Nascar track backers promise community involvement |

Nascar track backers promise community involvement

DENVER ” Backers of a proposed NASCAR superspeedway in Colorado say they’ll take it slow as they court two Front Range locations for a track that could one day host stock car racing’s top-tier tour.

Officials from the International Speedway Corp., owners of Daytona’s famed international speedway, are eyeing locations in the Denver suburbs of Commerce City and Aurora.

The company last week announced its desire to move into Colorado with a track that would seat at least 75,000 spectators. The company says it may seek up to $150 million in public money to help build the facility.

But taking a lesson from a failed bid to build on New York’s Staten Island, company officials this time say they are dedicated to communicating with the public and building bridges to the local government and residents.

“We are ready to communicate, take the time, discuss the options and consider the needs of the community,” ISC managing Director Kathy Milthorpe told the Denver Post.

Already, there’s a hint of opposition to one site, near Aurora.
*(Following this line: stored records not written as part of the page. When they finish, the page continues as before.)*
(* Let $H=(V,E,\omega,d)$ be a generalized hypergraph with $V=\{1,\dots,n\}$. For every $\rho\in R_n$ there exist vectors $v_1(z),\dots,v_k(z)\in K(z)^n$, whose entries have no pole at any positive real $z$, such that for every $\lambda>0$ $$\overline{G_\lambda(U_\rho)}=\sum_{i=1}^k\mathbb{R}_{\ge0}\,v_i(\lambda),$$ where $G_\lambda(U_\rho)=\bigcup_{f\in U_\rho}G_\lambda(f)$ and the bar denotes topological closure in $\mathbb{R}^n$.
   Context: A generalized hypergraph $H=(V,E,\omega,d)$ consists of a finite set $V=\{1,\dots,n\}$, a set $E$ of nonempty subsets of $V$, a function $\omega\colon E\to\mathbb{R}_{>0}$ and a function $d\colon V\to\mathbb{R}_{>0}$, $x\mapsto d_x$ (no relation between $d$ and $\omega$ is assumed). Functions $V\to\mathbb{R}$ are identified with vectors $f=(f_1,\dots,f_n)^\top\in\mathbb{R}^n$; $\delta_x$ is the $x$-th standard basis vector. For $e\in E$, $B_e=\mathrm{Conv}\{\delta_x-\delta_y : x,y\in e\}$, and $L(f)=\{\sum_{e\in E}\omega_e\mathtt{b}_e(\mathtt{b}_e^\top f) : \mathtt{b}_e\in\operatorname{argmax}_{\mathtt b\in B_e}\mathtt b^\top f\}\subset\mathbb{R}^n$. $D=\mathrm{diag}(d_1,\dots,d_n)$. $\mathbb{R}^n=\bigsqcup_{\rho\in R_n}U_\rho$ is the partition into order-pattern classes: $f,g$ lie in the same $U_\rho$ iff $\mathrm{sgn}(f_x-f_y)=\mathrm{sgn}(g_x-g_y)$ for all $x,y\in V$. $K=\mathbb{Q}(\{\omega_e\}_{e\in E},\{d_x\}_{x\in V})\subset\mathbb{R}$, and $K(z)$ is the field of rational functions in $z$ over $K$. For $\lambda>0$, $G_\lambda(f)=(D+\lambda L)(f)=\{Df+\lambda v: v\in L(f)\}$. *)

theory Defs
  imports "HOL-Analysis.Analysis" "HOL-Computational_Algebra.Polynomial"
begin

text \<open>Vertex set V = {1..n} is represented by a finite type 'n; functions V -> R are
  vectors of type real^'n.\<close>

definition is_gen_hypergraph :: "'n::finite set set \<Rightarrow> ('n set \<Rightarrow> real) \<Rightarrow> ('n \<Rightarrow> real) \<Rightarrow> bool" where
  "is_gen_hypergraph E w d \<longleftrightarrow> (\<forall>e\<in>E. e \<noteq> {} \<and> w e > 0) \<and> (\<forall>x. d x > 0)"

definition Bset :: "'n::finite set \<Rightarrow> (real^'n) set" where
  "Bset e = convex hull {axis x 1 - axis y 1 | x y. x \<in> e \<and> y \<in> e}"
(* Let $X$ be a normed space and let $Y$ be a weakly sequentially complete Banach space ordered by a closed convex normal cone $K\subset Y$. Let $\alpha:\mathbb{R}_+\to\mathbb{R}_+$ be nondecreasing with $\lim_{t\to0^+}\alpha(t)/t=0$. Let $A\subset X$ be convex, let $k_0\in K\setminus\{0\}$, and let $F:X\to Y$ be strongly $\alpha(\cdot)$-$k_0$ paraconvex on $A$ with constant $C\ge 0$. Let $x_0\in A$ and $h\in X$ with $\|h\|=1$ be such that there is $\delta_0>0$ with $x_0+th\in A$ for all $t\in(-\delta_0,\delta_0)$. Then the directional derivative $$F'(x_0;h):=\lim_{t\to0^+}\frac{F(x_0+th)-F(x_0)}{t}$$ exists, the limit being taken in the norm topology of $Y$.
   Context: For a convex cone $K\subset Y$, write $x\le_K y$ iff $y-x\in K$. A cone $K$ in a normed space $Y$ is normal if there is a constant $c>0$ such that $0\le_K x\le_K y$ implies $\|x\|\le c\|y\|$. A mapping $F:X\to Y$ is strongly $\alpha(\cdot)$-$k_0$ paraconvex on a convex set $A\subset X$ with constant $C\ge0$ (where $k_0\in K$) if for all $x_1,x_2\in A$ and all $\lambda\in[0,1]$, $$F(\lambda x_1+(1-\lambda)x_2)\le_K \lambda F(x_1)+(1-\lambda)F(x_2)+C\min\{\lambda,1-\lambda\}\,\alpha(\|x_1-x_2\|)\,k_0.$$ *)

theory Defs
  imports "HOL-Analysis.Analysis"
begin

definition cone_le :: "'b::real_vector set \<Rightarrow> 'b \<Rightarrow> 'b \<Rightarrow> bool" where
  "cone_le K x y \<longleftrightarrow> y - x \<in> K"

definition normal_cone :: "'b::real_normed_vector set \<Rightarrow> bool" where
  "normal_cone K \<longleftrightarrow> (\<exists>c>0. \<forall>x y. cone_le K 0 x \<and> cone_le K x y \<longrightarrow> norm x \<le> c * norm y)"

definition weakly_Cauchy :: "(nat \<Rightarrow> 'b::real_normed_vector) \<Rightarrow> bool" where
  "weakly_Cauchy u \<longleftrightarrow> (\<forall>f::'b \<Rightarrow> real. bounded_linear f \<longrightarrow> Cauchy (\<lambda>n. f (u n)))"

definition weakly_converges_to :: "(nat \<Rightarrow> 'b::real_normed_vector) \<Rightarrow> 'b \<Rightarrow> bool" where
  "weakly_converges_to u y \<longleftrightarrow> (\<forall>f::'b \<Rightarrow> real. bounded_linear f \<longrightarrow> (\<lambda>n. f (u n)) \<longlonglongrightarrow> f y)"

definition weakly_sequentially_complete :: "'b::real_normed_vector itself \<Rightarrow> bool" where
  "weakly_sequentially_complete TYPE('b) \<longleftrightarrow>
     (\<forall>u::nat \<Rightarrow> 'b. weakly_Cauchy u \<longrightarrow> (\<exists>y. weakly_converges_to u y))"
(* Let $f$ be a quadratic form in $s$ variables with integer coefficients and $\mathrm{rank}_{\mathrm{off}}(f)\ge5$. Let $W,q$ be positive integers and $b$ an integer with $\gcd(b,W)=1$. Then for every $\varepsilon>0$, $$B^\ast_{W,b}(q)\ll_{f,\varepsilon}\frac{W^5}{\phi(W)^s}q^{-\frac32+\varepsilon}.$$
   Context: $\mathrm{rank}_{\mathrm{off}}(f)$ for $f(\mathbf{x})=\mathbf{x}M\mathbf{x}^T$ is the maximal rank of a submatrix $(a_{i_k,j_l})_{1\le k,l\le r}$ of $M$ with $\{i_1,\ldots,i_r\}\cap\{j_1,\ldots,j_r\}=\emptyset$. $e(z)=e^{2\pi iz}$, $\phi$ Euler's totient. $S^\ast_{W,b}(q,a)=\sum e(af(\mathbf{c})/q)$ over $1\le c_1,\ldots,c_s\le qW$ with $\gcd(c_j,q)=1$ and $c_j\equiv b\pmod W$ for all $j$, and $B^\ast_{W,b}(q)=\phi(qW)^{-s}\sum_{1\le a\le q,\ \gcd(a,q)=1}S^\ast_{W,b}(q,a)$. *)

theory Defs
  imports Complex_Main "HOL-Number_Theory.Number_Theory" "Jordan_Normal_Form.DL_Rank"
begin

definition qform :: "nat \<Rightarrow> (nat \<Rightarrow> nat \<Rightarrow> real) \<Rightarrow> (nat \<Rightarrow> int) \<Rightarrow> real" where
  "qform s M x = (\<Sum>i<s. \<Sum>j<s. M i j * of_int (x i) * of_int (x j))"

definition rank_off :: "nat \<Rightarrow> (nat \<Rightarrow> nat \<Rightarrow> real) \<Rightarrow> nat" where
  "rank_off s M = Max {vec_space.rank r (mat r r (\<lambda>(k, l). M (I k) (J l)) :: real mat) | r I J.
      inj_on I {..<r} \<and> inj_on J {..<r} \<and> I ` {..<r} \<subseteq> {..<s} \<and> J ` {..<r} \<subseteq> {..<s}
      \<and> I ` {..<r} \<inter> J ` {..<r} = {}}"

definition e :: "real \<Rightarrow> complex" where
  "e z = exp (2 * of_real pi * \<i> * of_real z)"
“I’ve gone to different tracks in Michigan, Phoenix and Texas, and you can see that the impact of the track is tremendous,” Larry Miller, former mayor of Watkins, a community near Aurora.

At the other proposed site, in Commerce City north of Interstate 70, Mayor Sean Ford said residents would be allowed to vote in the issue before a track is built.

“If a formal proposal comes forth, everything will be decided in a public process,” he said.

That, said Milthorpe, is fine.

“We’re looking for a place where the community wants the asset,” she said.

ISC owns or operates 13 racetracks, including Daytona, home of NASCAR’s Daytona 500, scheduled this weekend. Its other holdings include an 82,000-seat facility in Kansas City, Kan., and a 76,000-seat facility in Phoenix.